>>>

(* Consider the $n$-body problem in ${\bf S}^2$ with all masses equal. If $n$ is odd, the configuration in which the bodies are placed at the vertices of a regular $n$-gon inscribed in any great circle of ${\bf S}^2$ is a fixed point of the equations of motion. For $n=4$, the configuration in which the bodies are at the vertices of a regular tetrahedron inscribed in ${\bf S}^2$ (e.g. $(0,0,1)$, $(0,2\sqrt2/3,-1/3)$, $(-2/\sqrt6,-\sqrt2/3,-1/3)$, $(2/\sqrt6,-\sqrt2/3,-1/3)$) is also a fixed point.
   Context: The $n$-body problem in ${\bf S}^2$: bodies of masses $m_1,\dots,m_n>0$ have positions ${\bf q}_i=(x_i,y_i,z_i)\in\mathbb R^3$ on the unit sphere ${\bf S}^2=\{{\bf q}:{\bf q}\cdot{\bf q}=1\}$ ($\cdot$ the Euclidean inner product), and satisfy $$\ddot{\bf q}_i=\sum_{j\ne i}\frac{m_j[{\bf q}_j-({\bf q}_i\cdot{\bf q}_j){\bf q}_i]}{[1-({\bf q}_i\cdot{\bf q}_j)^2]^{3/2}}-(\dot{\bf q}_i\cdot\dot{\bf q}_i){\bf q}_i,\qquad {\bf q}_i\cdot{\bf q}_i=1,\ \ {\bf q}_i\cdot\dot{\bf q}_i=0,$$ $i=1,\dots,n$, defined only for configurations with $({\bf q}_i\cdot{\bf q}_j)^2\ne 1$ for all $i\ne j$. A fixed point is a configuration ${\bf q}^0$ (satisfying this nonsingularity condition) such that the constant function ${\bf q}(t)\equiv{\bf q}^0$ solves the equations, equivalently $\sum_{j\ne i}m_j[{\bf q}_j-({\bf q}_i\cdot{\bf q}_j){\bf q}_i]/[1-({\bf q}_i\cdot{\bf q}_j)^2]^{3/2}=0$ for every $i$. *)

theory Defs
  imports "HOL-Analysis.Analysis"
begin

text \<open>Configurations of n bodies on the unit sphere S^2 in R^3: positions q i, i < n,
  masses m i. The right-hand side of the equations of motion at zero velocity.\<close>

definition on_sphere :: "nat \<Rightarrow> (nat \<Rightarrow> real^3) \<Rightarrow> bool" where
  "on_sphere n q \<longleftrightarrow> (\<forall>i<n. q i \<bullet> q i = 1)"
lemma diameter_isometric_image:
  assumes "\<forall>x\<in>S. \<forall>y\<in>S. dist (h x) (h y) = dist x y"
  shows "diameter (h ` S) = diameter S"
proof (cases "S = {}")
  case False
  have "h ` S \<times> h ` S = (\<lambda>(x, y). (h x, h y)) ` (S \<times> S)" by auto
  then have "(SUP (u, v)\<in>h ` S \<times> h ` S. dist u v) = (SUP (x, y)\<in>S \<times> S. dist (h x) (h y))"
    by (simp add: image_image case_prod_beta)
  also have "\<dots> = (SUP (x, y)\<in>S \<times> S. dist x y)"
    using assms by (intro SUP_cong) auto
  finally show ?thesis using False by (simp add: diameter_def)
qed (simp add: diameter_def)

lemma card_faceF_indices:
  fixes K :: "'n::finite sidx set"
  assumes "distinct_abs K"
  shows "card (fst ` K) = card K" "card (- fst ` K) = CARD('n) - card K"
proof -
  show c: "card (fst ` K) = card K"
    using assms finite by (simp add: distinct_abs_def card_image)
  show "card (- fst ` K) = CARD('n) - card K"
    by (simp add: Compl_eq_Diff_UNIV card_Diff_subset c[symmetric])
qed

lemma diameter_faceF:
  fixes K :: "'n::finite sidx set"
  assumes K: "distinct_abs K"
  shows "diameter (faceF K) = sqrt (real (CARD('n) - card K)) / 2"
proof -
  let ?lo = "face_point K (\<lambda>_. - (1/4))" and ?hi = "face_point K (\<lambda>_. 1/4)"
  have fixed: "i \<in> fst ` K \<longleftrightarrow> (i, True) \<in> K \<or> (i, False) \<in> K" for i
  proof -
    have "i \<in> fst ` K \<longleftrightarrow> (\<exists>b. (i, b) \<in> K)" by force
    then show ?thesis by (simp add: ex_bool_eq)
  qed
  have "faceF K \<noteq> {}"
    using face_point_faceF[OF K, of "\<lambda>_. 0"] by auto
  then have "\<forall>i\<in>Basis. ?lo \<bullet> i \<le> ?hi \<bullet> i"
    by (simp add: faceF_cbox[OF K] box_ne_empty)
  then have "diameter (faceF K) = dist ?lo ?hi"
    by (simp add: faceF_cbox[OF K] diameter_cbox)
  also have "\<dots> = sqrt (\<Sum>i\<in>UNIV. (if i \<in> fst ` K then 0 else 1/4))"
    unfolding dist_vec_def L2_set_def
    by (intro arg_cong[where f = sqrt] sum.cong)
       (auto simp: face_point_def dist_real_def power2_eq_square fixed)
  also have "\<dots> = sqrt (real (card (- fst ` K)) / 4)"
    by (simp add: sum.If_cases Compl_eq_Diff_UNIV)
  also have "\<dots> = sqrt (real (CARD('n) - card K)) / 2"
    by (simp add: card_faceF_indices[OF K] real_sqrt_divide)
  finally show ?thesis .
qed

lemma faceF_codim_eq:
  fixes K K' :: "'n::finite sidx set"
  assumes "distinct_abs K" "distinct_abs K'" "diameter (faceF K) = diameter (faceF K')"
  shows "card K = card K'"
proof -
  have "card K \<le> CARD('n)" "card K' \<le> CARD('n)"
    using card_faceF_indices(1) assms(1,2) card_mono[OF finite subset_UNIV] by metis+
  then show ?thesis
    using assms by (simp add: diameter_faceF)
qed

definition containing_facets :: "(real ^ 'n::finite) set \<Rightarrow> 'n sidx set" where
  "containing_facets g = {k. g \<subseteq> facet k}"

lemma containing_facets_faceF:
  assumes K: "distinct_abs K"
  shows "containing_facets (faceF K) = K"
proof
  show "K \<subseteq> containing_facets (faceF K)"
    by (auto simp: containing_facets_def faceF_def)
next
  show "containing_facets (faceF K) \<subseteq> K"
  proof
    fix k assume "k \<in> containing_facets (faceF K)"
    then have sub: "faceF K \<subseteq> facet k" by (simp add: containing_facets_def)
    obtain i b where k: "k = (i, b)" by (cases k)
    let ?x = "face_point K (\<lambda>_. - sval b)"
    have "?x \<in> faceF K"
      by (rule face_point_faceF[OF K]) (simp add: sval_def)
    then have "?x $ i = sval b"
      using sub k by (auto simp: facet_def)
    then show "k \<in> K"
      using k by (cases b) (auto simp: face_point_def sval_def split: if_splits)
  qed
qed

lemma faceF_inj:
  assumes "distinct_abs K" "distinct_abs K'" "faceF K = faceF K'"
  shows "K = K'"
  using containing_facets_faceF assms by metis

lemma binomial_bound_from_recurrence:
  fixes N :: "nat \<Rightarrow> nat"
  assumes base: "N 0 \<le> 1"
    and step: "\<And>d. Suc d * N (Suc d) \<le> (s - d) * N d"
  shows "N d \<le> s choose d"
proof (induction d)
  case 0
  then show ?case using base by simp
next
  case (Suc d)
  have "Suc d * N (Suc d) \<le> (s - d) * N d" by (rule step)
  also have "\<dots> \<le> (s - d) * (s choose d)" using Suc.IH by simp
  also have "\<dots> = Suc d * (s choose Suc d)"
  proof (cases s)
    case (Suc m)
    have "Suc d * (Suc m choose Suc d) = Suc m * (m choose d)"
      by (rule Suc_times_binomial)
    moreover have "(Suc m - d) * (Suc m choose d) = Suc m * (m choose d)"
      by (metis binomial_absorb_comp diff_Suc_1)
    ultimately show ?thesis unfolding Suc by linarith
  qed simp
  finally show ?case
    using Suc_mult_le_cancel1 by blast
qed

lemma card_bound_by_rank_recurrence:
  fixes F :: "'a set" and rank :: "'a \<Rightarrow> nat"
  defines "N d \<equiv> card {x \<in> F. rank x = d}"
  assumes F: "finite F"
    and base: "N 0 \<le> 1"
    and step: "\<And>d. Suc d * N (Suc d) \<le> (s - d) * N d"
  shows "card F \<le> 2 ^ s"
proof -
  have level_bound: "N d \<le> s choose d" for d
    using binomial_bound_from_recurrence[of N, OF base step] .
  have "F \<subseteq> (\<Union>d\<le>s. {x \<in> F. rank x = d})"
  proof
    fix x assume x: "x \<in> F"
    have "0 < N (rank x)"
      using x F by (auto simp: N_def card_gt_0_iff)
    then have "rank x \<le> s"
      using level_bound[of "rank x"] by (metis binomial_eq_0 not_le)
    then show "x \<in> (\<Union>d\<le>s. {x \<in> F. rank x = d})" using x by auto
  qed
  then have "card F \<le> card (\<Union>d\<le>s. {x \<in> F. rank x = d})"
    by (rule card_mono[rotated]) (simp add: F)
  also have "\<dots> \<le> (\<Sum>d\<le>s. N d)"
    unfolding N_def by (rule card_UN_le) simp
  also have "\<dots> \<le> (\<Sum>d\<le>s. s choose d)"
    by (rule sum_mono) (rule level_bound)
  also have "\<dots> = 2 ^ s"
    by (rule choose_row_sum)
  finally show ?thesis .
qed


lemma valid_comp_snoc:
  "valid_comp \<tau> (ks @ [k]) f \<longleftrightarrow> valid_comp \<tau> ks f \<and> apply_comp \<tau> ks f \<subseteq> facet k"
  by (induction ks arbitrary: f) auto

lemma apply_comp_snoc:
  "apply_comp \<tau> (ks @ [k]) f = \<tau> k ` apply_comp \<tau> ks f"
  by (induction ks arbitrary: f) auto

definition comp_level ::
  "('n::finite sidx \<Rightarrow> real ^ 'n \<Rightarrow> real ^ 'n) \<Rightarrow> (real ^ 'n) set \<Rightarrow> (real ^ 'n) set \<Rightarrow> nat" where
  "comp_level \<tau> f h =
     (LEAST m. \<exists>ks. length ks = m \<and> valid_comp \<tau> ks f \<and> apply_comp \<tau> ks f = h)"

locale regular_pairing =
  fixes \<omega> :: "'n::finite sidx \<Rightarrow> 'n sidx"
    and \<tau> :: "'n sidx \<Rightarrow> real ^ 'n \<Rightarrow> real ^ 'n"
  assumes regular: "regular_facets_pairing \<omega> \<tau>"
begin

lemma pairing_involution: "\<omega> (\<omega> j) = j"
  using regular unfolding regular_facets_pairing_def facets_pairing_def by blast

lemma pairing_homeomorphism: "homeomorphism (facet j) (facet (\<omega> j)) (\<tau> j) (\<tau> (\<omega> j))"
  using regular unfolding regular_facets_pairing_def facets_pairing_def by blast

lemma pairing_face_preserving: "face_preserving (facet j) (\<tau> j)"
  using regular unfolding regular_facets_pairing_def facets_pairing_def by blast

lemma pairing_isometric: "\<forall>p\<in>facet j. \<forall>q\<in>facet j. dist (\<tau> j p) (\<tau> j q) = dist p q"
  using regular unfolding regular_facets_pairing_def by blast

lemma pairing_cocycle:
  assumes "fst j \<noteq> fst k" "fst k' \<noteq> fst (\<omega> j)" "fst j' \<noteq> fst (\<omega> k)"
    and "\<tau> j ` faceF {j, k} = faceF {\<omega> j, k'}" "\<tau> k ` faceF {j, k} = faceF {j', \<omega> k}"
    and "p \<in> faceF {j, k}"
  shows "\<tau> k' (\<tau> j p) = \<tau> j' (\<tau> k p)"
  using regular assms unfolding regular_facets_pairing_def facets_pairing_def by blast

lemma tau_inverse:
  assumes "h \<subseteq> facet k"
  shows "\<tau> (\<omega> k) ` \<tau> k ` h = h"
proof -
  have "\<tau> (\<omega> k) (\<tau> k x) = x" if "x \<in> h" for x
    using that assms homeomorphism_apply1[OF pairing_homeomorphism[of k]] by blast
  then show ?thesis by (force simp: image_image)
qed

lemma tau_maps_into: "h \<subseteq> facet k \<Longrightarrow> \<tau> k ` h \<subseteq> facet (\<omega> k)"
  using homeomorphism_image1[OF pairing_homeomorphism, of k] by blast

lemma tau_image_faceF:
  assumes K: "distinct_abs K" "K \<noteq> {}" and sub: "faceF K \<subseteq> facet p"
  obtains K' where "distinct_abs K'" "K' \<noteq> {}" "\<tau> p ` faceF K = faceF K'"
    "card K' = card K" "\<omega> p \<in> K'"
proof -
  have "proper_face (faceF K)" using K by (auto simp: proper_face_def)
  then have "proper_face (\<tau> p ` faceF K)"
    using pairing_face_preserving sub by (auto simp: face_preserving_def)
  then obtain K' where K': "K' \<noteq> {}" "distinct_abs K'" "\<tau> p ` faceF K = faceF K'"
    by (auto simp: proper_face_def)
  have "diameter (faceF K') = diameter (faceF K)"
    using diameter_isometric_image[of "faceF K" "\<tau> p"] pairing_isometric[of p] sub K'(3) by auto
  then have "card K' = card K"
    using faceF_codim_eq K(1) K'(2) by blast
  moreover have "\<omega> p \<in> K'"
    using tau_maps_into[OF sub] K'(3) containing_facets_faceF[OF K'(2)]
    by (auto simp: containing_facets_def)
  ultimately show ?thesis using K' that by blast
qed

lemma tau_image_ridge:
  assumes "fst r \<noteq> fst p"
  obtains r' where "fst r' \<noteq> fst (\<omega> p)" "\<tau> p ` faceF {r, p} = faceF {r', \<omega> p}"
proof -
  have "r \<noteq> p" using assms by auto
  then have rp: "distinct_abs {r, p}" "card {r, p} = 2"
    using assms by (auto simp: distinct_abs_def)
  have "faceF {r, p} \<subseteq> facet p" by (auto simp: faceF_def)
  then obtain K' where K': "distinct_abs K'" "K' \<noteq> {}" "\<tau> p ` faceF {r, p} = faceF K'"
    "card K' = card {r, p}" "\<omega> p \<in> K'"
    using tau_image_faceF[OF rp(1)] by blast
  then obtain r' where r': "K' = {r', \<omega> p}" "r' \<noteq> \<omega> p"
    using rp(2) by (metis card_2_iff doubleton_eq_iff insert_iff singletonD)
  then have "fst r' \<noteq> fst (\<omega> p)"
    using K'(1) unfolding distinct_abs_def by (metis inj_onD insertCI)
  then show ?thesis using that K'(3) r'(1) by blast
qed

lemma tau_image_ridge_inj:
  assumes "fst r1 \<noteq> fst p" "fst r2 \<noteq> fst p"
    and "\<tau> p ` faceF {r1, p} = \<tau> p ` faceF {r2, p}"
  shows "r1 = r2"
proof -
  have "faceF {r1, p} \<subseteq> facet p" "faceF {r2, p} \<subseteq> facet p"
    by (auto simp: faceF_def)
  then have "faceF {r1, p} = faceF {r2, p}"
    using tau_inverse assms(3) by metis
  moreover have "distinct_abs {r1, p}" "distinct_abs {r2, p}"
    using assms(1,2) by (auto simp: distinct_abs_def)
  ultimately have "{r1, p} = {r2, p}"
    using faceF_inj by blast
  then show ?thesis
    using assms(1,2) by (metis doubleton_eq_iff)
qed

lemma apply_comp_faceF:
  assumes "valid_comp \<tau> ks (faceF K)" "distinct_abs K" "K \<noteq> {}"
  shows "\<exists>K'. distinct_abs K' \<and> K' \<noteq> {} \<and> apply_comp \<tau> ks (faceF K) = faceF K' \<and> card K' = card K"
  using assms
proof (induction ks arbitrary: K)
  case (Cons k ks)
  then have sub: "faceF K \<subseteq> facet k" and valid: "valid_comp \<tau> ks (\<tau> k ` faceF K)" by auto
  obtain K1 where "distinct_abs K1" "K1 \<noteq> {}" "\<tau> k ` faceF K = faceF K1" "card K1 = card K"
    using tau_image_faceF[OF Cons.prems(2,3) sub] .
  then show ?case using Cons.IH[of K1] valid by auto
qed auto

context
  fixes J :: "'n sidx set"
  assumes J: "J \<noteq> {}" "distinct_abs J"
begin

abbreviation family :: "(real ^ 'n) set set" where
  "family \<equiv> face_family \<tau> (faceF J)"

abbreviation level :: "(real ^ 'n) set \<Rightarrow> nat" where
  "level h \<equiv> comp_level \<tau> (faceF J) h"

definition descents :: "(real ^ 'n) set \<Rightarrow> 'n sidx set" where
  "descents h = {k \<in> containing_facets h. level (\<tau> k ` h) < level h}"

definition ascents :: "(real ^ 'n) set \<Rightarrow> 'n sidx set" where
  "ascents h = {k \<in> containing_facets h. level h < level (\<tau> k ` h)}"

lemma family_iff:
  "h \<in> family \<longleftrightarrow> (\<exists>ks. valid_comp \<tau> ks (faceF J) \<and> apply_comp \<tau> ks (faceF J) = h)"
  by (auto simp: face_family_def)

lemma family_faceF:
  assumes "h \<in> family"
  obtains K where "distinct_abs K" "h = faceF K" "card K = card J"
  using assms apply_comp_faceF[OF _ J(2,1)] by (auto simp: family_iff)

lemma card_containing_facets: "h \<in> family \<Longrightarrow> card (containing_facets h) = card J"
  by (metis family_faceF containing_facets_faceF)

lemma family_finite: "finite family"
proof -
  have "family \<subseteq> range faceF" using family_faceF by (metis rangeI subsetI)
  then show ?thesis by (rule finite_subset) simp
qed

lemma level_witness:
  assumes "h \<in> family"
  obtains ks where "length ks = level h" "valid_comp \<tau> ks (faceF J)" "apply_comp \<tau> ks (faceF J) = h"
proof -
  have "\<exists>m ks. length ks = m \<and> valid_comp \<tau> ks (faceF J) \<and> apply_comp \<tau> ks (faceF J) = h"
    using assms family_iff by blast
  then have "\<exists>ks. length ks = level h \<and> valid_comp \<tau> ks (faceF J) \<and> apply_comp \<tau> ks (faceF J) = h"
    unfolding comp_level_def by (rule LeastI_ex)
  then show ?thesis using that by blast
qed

<<<

● **Goal of the exercise**
Which lines in the records above hold the string "induction"? Copy each of them.

● **Result of the task**
proof (induction d)
  by (induction ks arbitrary: f) auto
  by (induction ks arbitrary: f) auto
proof (induction ks arbitrary: K)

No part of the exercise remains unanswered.